No mesmo sentido, algumas manifestações apresentadas no âmbito da Audiência SDM 08/20 indicaram que a diretriz citada da norma só poderia ser restringida por vontade dos investidores na linha do princípio de liberdade econômica que disciplina a Lei. Sustenta-se que a proibição aos fundos exclusivos de limitar a responsabilidade dos seus credores apenas estimularia artificialismos, com recurso a cotistas pro forma para cumprimento da previsão regulatória.
Percebe-se que o tema é polêmico e passível de diversos posicionamentos. Assim, encerrado o prazo para envio de manifestações, aguarda-se os desdobramentos da Audiência SDM 08/20. Juntamente com diversas outras questões controvertidas propostas pela referida resolução, os comentários apresentados encontram-se em análise e poderão influenciar a versão final do regulamento em discussão.
A Equipe de Consultoria do VLF está acompanhando essa e outras normas em deliberação pela CVM e fica à disposição para mais informações ou esclarecimentos acerca da matéria.
Aline Piteres
Advogada das Equipes de Consultoria e Arbitragem do VLF Advogados
Marina Leal
Advogada das Equipes de Consultoria e Arbitragem do VLF Advogados
(1) Art. 2º. São princípios que norteiam o disposto nesta Lei: I - a liberdade como uma garantia no exercício de atividades econômicas; II - a boa-fé do particular perante o poder público; III - a intervenção subsidiária e excepcional do Estado sobre o exercício de atividades econômicas; e IV - o reconhecimento da vulnerabilidade do particular perante o Estado.

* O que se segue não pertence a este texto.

lemma ocp_feasible_shift:
  assumes feas: "ocp_feasible f hx hu T N x r \<xi> \<mu>" and "N > 0"
    and T_r': "(\<xi> N, r') \<in> T"
    and T_inv: "(f (\<xi> N) (\<kappa>T (\<xi> N) r'), r') \<in> T \<and> \<xi> N \<in> cset hx \<and> \<kappa>T (\<xi> N) r' \<in> cset hu"
  shows "ocp_feasible f hx hu T N (f x (\<mu> 0)) r'
           (shift_states f \<kappa>T N r' \<xi>) (shift_inputs \<kappa>T N r' \<xi> \<mu>)"
proof -
  obtain M where N: "N = Suc M"
    using \<open>N > 0\<close> gr0_implies_Suc by blast
  from feas have \<xi>0: "\<xi> 0 = x" and dyn: "\<And>i. i < N \<Longrightarrow> \<xi> (Suc i) = f (\<xi> i) (\<mu> i)"
    and cons: "\<And>i. i < N \<Longrightarrow> \<xi> i \<in> cset hx \<and> \<mu> i \<in> cset hu"
    unfolding ocp_feasible_def by auto
  have "\<xi> (Suc i) \<in> cset hx" if "i < N" for i
    using cons[of "Suc i"] T_inv that by (cases "Suc i = N") auto
  moreover have "\<mu> (Suc i) \<in> cset hu" if "i < N - 1" for i
    using cons[of "Suc i"] that by simp
  ultimately show ?thesis
    using \<xi>0 dyn cons T_r' T_inv
    unfolding ocp_feasible_def shift_states_def shift_inputs_def N
    by (auto simp: less_Suc_eq simp del: lessThan_iff)
qed

lemma ocp_cost_shift_le:
  assumes "N > 0"
    and V_decr: "V (f (\<xi> N) (\<kappa>T (\<xi> N) r)) r - V (\<xi> N) r \<le> - l (\<xi> N) (\<kappa>T (\<xi> N) r) r"
  shows "ocp_cost l V N r (shift_states f \<kappa>T N r \<xi>) (shift_inputs \<kappa>T N r \<xi> \<mu>)
           \<le> ocp_cost l V N r \<xi> \<mu> - l (\<xi> 0) (\<mu> 0) r"
proof -
  obtain M where N: "N = Suc M"
    using \<open>N > 0\<close> gr0_implies_Suc by blast
  have "ocp_cost l V N r (shift_states f \<kappa>T N r \<xi>) (shift_inputs \<kappa>T N r \<xi> \<mu>) =
      V (f (\<xi> N) (\<kappa>T (\<xi> N) r)) r + l (\<xi> N) (\<kappa>T (\<xi> N) r) r
      + (\<Sum>i<M. l (\<xi> (Suc i)) (\<mu> (Suc i)) r)"
    unfolding ocp_cost_def shift_states_def shift_inputs_def N by simp
  with V_decr show ?thesis
    unfolding N ocp_cost_Suc by simp
qed

text \<open>Assumptions (A1)--(A2) with the reference ranging over \<open>Rs\<close> (the set \<open>R_eps\<close>); of the
  Lipschitz condition (A2)(e) only the terminal state of the minimiser is needed.\<close>

locale tracking_mpc =
  fixes f :: "'x::real_normed_vector \<Rightarrow> 'u::metric_space \<Rightarrow> 'x"
    and hx :: "'x \<Rightarrow> real ^ 'm" and hu :: "'u \<Rightarrow> real ^ 'q"
    and T :: "('x \<times> 'r::metric_space) set" and N :: nat and Rs :: "'r set"
    and xbar :: "'r \<Rightarrow> 'x" and ubar :: "'r \<Rightarrow> 'u"
    and l :: "'x \<Rightarrow> 'u \<Rightarrow> 'r \<Rightarrow> real" and V :: "'x \<Rightarrow> 'r \<Rightarrow> real"
    and \<kappa>T :: "'x \<Rightarrow> 'r \<Rightarrow> 'u" and \<gamma>l :: "real \<Rightarrow> real"
    and zeta :: "'x \<Rightarrow> 'r \<Rightarrow> (nat \<Rightarrow> 'x) \<times> (nat \<Rightarrow> 'u)"
  assumes N_pos: "N > 0"
    and xbar_X: "\<And>r. r \<in> Rs \<Longrightarrow> xbar r \<in> cset hx"
    and ubar_U: "\<And>r. r \<in> Rs \<Longrightarrow> ubar r \<in> cset hu"
    and equil: "\<And>r. r \<in> Rs \<Longrightarrow> f (xbar r) (ubar r) = xbar r"
    and l_nonneg: "\<And>x u r. x \<in> cset hx \<Longrightarrow> u \<in> cset hu \<Longrightarrow> r \<in> Rs \<Longrightarrow> 0 \<le> l x u r"
    and V_nonneg: "\<And>x r. (x, r) \<in> T \<Longrightarrow> 0 \<le> V x r"
    and zeta_feas: "\<And>x r. (x, r) \<in> Gamma f hx hu T N Rs \<Longrightarrow>
         ocp_feasible f hx hu T N x r (fst (zeta x r)) (snd (zeta x r))"
    and zeta_opt: "\<And>x r \<xi> \<mu>. (x, r) \<in> Gamma f hx hu T N Rs \<Longrightarrow>
         ocp_feasible f hx hu T N x r \<xi> \<mu> \<Longrightarrow>
         ocp_cost l V N r (fst (zeta x r)) (snd (zeta x r)) \<le> ocp_cost l V N r \<xi> \<mu>"
    and l_unif: "uniformly_continuous_on (cset hx \<times> cset hu \<times> Rs) (\<lambda>(x, u, r). l x u r)"
    and l_zero: "\<And>r. r \<in> Rs \<Longrightarrow> l (xbar r) (ubar r) r = 0"
    and \<gamma>l_K: "class_K_inf \<gamma>l"
    and l_lower: "\<And>x r u. (x, r) \<in> Gamma f hx hu T N Rs \<Longrightarrow> u \<in> cset hu \<Longrightarrow>
         \<gamma>l (norm (x - xbar r)) \<le> l x u r"
    and V_unif: "uniformly_continuous_on T (\<lambda>(x, r). V x r)"
    and V_zero: "\<And>r. r \<in> Rs \<Longrightarrow> V (xbar r) r = 0"
    and V_decr: "\<And>x r. (x, r) \<in> T \<Longrightarrow> V (f x (\<kappa>T x r)) r - V x r \<le> - l x (\<kappa>T x r) r"
    and T_inv: "\<And>x r. (x, r) \<in> T \<Longrightarrow>
         (f x (\<kappa>T x r), r) \<in> T \<and> x \<in> cset hx \<and> \<kappa>T x r \<in> cset hu"
    and T_int: "\<And>r. r \<in> Rs \<Longrightarrow> (xbar r, r) \<in> interior T"
    and terminal_lipschitz: "\<exists>L. \<forall>(x, r) \<in> Gamma f hx hu T N Rs. \<forall>(x', r') \<in> Gamma f hx hu T N Rs.
         dist (fst (zeta x r) N) (fst (zeta x' r') N) \<le> L * dist (x, r) (x', r')"
begin

abbreviation "\<Gamma> \<equiv> Gamma f hx hu T N Rs"

abbreviation terminal_state :: "'x \<Rightarrow> 'r \<Rightarrow> 'x" where
  "terminal_state x r \<equiv> fst (zeta x r) N"

abbreviation mpc_law :: "'x \<Rightarrow> 'r \<Rightarrow> 'u" where
  "mpc_law x r \<equiv> snd (zeta x r) 0"

definition opt_cost :: "'x \<Rightarrow> 'r \<Rightarrow> real" where
  "opt_cost x r = ocp_cost l V N r (fst (zeta x r)) (snd (zeta x r))"

lemma Gamma_iff:
  "(x, r) \<in> \<Gamma> \<longleftrightarrow> x \<in> cset hx \<and> r \<in> Rs \<and> (\<exists>\<xi> \<mu>. ocp_feasible f hx hu T N x r \<xi> \<mu>)"
  unfolding Gamma_def by simp

lemma terminal_in_Gamma:
  assumes "(x, r) \<in> T" "r \<in> Rs"
  shows "(x, r) \<in> \<Gamma>"
  using ocp_feasible_terminal_policy[of x r T f \<kappa>T hx hu N] assms T_inv
  unfolding Gamma_iff by blast

lemma V_ge_class_K:
  assumes "(x, r) \<in> T" "r \<in> Rs"
  shows "\<gamma>l (norm (x - xbar r)) \<le> V x r"
proof -
  have "\<gamma>l (norm (x - xbar r)) \<le> l x (\<kappa>T x r) r"
    using l_lower[OF terminal_in_Gamma[OF assms]] T_inv[OF assms(1)] by blast
  with V_decr[OF assms(1)] V_nonneg[of "f x (\<kappa>T x r)" r] T_inv[OF assms(1)] show ?thesis
    by linarith
qed

lemma equilibrium_feasible:
  assumes "r \<in> Rs"
  shows "ocp_feasible f hx hu T N (xbar r) r (\<lambda>_. xbar r) (\<lambda>_. ubar r)"
proof (rule ocp_feasible_equilibrium)
  show "(xbar r, r) \<in> T"
    using interior_subset T_int[OF assms] by blast
qed (use assms xbar_X ubar_U equil in auto)

lemma equilibrium_in_Gamma:
  assumes "r \<in> Rs"
  shows "(xbar r, r) \<in> \<Gamma>"
  using equilibrium_feasible[OF assms] xbar_X[OF assms] assms unfolding Gamma_iff by blast

lemma mpc_law_in_U:
  assumes "(x, r) \<in> \<Gamma>"
  shows "mpc_law x r \<in> cset hu"
  using zeta_feas[OF assms] N_pos unfolding ocp_feasible_def by simp

lemma opt_cost_nonneg:
  assumes "(x, r) \<in> \<Gamma>"
  shows "0 \<le> opt_cost x r"
proof -
  have "r \<in> Rs"
    using assms Gamma_iff by blast
  with zeta_feas[OF assms] V_nonneg l_nonneg show ?thesis
    unfolding opt_cost_def ocp_cost_def ocp_feasible_def
    by (auto intro!: add_nonneg_nonneg sum_nonneg)
qed

lemma terminal_state_equilibrium:
  assumes "r \<in> Rs"
  shows "terminal_state (xbar r) r = xbar r"
proof -
  define \<xi> where "\<xi> = fst (zeta (xbar r) r)"
  define \<mu> where "\<mu> = snd (zeta (xbar r) r)"
  have feas: "ocp_feasible f hx hu T N (xbar r) r \<xi> \<mu>"
    using zeta_feas[OF equilibrium_in_Gamma[OF assms]] unfolding \<xi>_def \<mu>_def .
  have "ocp_cost l V N r \<xi> \<mu> \<le> ocp_cost l V N r (\<lambda>_. xbar r) (\<lambda>_. ubar r)"
    using zeta_opt[OF equilibrium_in_Gamma[OF assms] equilibrium_feasible[OF assms]]
    unfolding \<xi>_def \<mu>_def .
  also have "\<dots> = 0"
    unfolding ocp_cost_def using assms l_zero V_zero by simp
  finally have "V (\<xi> N) r + (\<Sum>i<N. l (\<xi> i) (\<mu> i) r) \<le> 0"
    unfolding ocp_cost_def .
  moreover have "0 \<le> (\<Sum>i<N. l (\<xi> i) (\<mu> i) r)"
    using feas assms l_nonneg unfolding ocp_feasible_def by (auto intro!: sum_nonneg)
  moreover have "\<gamma>l (norm (\<xi> N - xbar r)) \<le> V (\<xi> N) r"
    using feas assms V_ge_class_K unfolding ocp_feasible_def by blast
  ultimately have "\<not> 0 < \<gamma>l (norm (\<xi> N - xbar r))"
    by linarith
  then show ?thesis
    using class_K_inf_pos_iff[OF \<gamma>l_K] unfolding \<xi>_def by simp
qed

lemma terminal_state_near_equilibrium:
  assumes "e > 0"
  obtains c where "c > 0"
    and "\<And>x r. (x, r) \<in> \<Gamma> \<Longrightarrow> norm (x - xbar r) < c \<Longrightarrow> dist (terminal_state x r) (xbar r) < e"
proof -
  obtain L where L: "\<forall>(x, r) \<in> \<Gamma>. \<forall>(x', r') \<in> \<Gamma>.
      dist (terminal_state x r) (terminal_state x' r') \<le> L * dist (x, r) (x', r')"
    using terminal_lipschitz by blast
  show ?thesis
  proof
    show "e / (\<bar>L\<bar> + 1) > 0"
      using assms by (simp add: add_pos_nonneg)
  next
    fix x r
    assume \<Gamma>: "(x, r) \<in> \<Gamma>" and near: "norm (x - xbar r) < e / (\<bar>L\<bar> + 1)"
    then have r: "r \<in> Rs"
      using Gamma_iff by blast
    have L_x: "\<forall>(x', r') \<in> \<Gamma>. dist (terminal_state x r) (terminal_state x' r') \<le> L * dist (x, r) (x', r')"
      using bspec[OF L \<Gamma>] by simp
    have "dist (terminal_state x r) (xbar r) \<le> L * dist (x, r) (xbar r, r)"
      using bspec[OF L_x equilibrium_in_Gamma[OF r]] terminal_state_equilibrium[OF r] by simp
    also have "\<dots> \<le> \<bar>L\<bar> * norm (x - xbar r)"
      by (simp add: dist_Pair_Pair dist_norm mult_right_mono)
    also have "\<dots> \<le> \<bar>L\<bar> * (e / (\<bar>L\<bar> + 1))"
      using near by (intro mult_left_mono) auto
    also have "\<dots> < e"
      using assms by (simp add: field_simps)
    finally show "dist (terminal_state x r) (xbar r) < e" .
  qed
qed

lemma shifted_solution_feasible:
  assumes "(x, r) \<in> \<Gamma>" "(terminal_state x r, r') \<in> T"
  shows "ocp_feasible f hx hu T N (f x (mpc_law x r)) r'
           (shift_states f \<kappa>T N r' (fst (zeta x r)))
           (shift_inputs \<kappa>T N r' (fst (zeta x r)) (snd (zeta x r)))"
  using ocp_feasible_shift[where N = N and \<kappa>T = \<kappa>T and f = f and \<xi> = "fst (zeta x r)",
      OF zeta_feas[OF assms(1)] N_pos assms(2) T_inv[OF assms(2)]] .

lemma successor_in_Gamma:
  assumes "(x, r) \<in> \<Gamma>" "r' \<in> Rs" "(terminal_state x r, r') \<in> T"
  shows "(f x (mpc_law x r), r') \<in> \<Gamma>"
proof -
  let ?\<xi> = "shift_states f \<kappa>T N r' (fst (zeta x r))"
  have feas: "ocp_feasible f hx hu T N (f x (mpc_law x r)) r' ?\<xi>
      (shift_inputs \<kappa>T N r' (fst (zeta x r)) (snd (zeta x r)))"
    by (rule shifted_solution_feasible[OF assms(1,3)])
  then have "?\<xi> 0 = f x (mpc_law x r)" "?\<xi> 0 \<in> cset hx"
    using N_pos unfolding ocp_feasible_def by auto
  with feas assms(2) show ?thesis
    unfolding Gamma_iff by auto
qed

lemma opt_cost_successor_le:
  assumes "(x, r) \<in> \<Gamma>" "r' \<in> Rs" "(terminal_state x r, r') \<in> T"
  shows "opt_cost (f x (mpc_law x r)) r'
           \<le> ocp_cost l V N r' (fst (zeta x r)) (snd (zeta x r)) - l x (mpc_law x r) r'"
proof -
  have "fst (zeta x r) 0 = x"
    using zeta_feas[OF assms(1)] unfolding ocp_feasible_def by simp
  then have "ocp_cost l V N r' (shift_states f \<kappa>T N r' (fst (zeta x r)))
        (shift_inputs \<kappa>T N r' (fst (zeta x r)) (snd (zeta x r)))
      \<le> ocp_cost l V N r' (fst (zeta x r)) (snd (zeta x r)) - l x (mpc_law x r) r'"
    using ocp_cost_shift_le[where N = N and \<kappa>T = \<kappa>T and f = f and V = V and l = l and
        \<xi> = "fst (zeta x r)" and \<mu> = "snd (zeta x r)", OF N_pos V_decr[OF assms(3)]]
    by simp
  with zeta_opt[OF successor_in_Gamma[OF assms] shifted_solution_feasible[OF assms(1,3)]]
  show ?thesis
    unfolding opt_cost_def by linarith
qed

(2) “Atenta às necessidades de facilitar a canalização de recursos poupados para a economia real, a proposta assegura a legalidade de responsabilidade limitada para fundos de investimento, o que deverá aumentar a segurança da modalidade por meio dessas estruturas. Contribui-se, assim, para um ambiente mais competitivo e atrativo que beneficiará inclusive os grandes programas de desestatizações, outro assunto emergencial que justifica a existência desta Medida. Espera-se que, ao equacionarmos nosso ambiente com o resto do mundo desenvolvido, abrindo a possiblidade desse tipo de fundo, conforme futura regulamentação da Comissão de Valores Mobiliários, consigamos um aumento de investimentos em geral” (Exposição de Motivos da Medida Provisória n. 881/19).
(3) Edital de Audiência Pública SDM Nº 08/20.
(4) Artigo 98, parágrafo único, minuta do Edital de Audiência Pública SDM Nº 08/20.
(5) Edital de Audiência Pública SDM Nº 08/20.
(6) Disponíveis em: http://conteudo.cvm.gov.br/audiencias_publicas/ap_sdm/2020/sdm0820.html. Acesso em: 24 ago. 2021.
(7) Art. 1.368-C. O fundo de investimento é uma comunhão de recursos, constituído sob a forma de condomínio de natureza especial, destinado à aplicação em ativos financeiros, bens e direitos de qualquer natureza. § 1º Não se aplicam ao fundo de investimento as disposições constantes dos arts. 1.314 ao 1.358-A deste Código. § 2º Competirá à Comissão de Valores Mobiliários disciplinar o disposto no caput deste artigo. § 3º O registro dos regulamentos dos fundos de investimentos na Comissão de Valores Mobiliários é condição suficiente para garantir a sua publicidade e a oponibilidade de efeitos em relação a terceiros.